=== Work order ===
Check every line of the records below for the string "auto" and copy the ones that have it.

----- Task data -----

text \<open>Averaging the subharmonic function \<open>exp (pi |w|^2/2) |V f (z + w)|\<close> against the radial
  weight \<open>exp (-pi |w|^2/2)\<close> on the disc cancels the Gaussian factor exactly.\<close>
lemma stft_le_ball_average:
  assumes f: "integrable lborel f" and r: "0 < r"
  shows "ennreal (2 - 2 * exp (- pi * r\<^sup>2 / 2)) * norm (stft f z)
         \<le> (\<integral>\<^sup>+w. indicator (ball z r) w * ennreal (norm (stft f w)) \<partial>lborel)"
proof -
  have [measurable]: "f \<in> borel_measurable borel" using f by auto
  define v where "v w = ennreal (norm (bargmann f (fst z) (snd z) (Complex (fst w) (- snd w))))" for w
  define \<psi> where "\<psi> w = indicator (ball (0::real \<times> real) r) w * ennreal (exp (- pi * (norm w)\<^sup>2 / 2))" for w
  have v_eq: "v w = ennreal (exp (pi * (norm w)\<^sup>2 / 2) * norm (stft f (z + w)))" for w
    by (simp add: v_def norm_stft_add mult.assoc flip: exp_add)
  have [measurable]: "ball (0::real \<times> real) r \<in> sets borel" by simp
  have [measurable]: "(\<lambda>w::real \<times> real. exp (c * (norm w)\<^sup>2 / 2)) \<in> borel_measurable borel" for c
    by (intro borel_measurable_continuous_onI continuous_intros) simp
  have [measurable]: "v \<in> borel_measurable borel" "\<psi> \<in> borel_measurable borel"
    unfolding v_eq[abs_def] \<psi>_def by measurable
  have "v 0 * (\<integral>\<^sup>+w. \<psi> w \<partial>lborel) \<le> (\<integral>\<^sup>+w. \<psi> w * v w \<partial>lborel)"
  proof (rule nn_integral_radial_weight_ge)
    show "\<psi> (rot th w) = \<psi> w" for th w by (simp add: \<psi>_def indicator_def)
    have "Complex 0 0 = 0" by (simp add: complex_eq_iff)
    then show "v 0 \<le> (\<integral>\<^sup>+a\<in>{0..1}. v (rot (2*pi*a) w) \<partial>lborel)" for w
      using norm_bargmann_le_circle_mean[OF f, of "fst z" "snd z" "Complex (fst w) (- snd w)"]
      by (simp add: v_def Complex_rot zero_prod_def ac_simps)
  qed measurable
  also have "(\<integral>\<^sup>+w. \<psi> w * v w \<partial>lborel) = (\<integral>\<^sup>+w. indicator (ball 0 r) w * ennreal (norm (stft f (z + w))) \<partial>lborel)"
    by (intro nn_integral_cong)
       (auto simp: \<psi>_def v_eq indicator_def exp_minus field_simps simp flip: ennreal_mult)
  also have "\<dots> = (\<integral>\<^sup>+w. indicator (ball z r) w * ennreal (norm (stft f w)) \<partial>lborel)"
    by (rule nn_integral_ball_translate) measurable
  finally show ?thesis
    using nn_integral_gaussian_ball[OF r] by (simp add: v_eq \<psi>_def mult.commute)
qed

-----

=== Exercise response ===
  have [measurable]: "f \<in> borel_measurable borel" using f by auto
       (auto simp: \<psi>_def v_eq indicator_def exp_minus field_simps simp flip: ennreal_mult)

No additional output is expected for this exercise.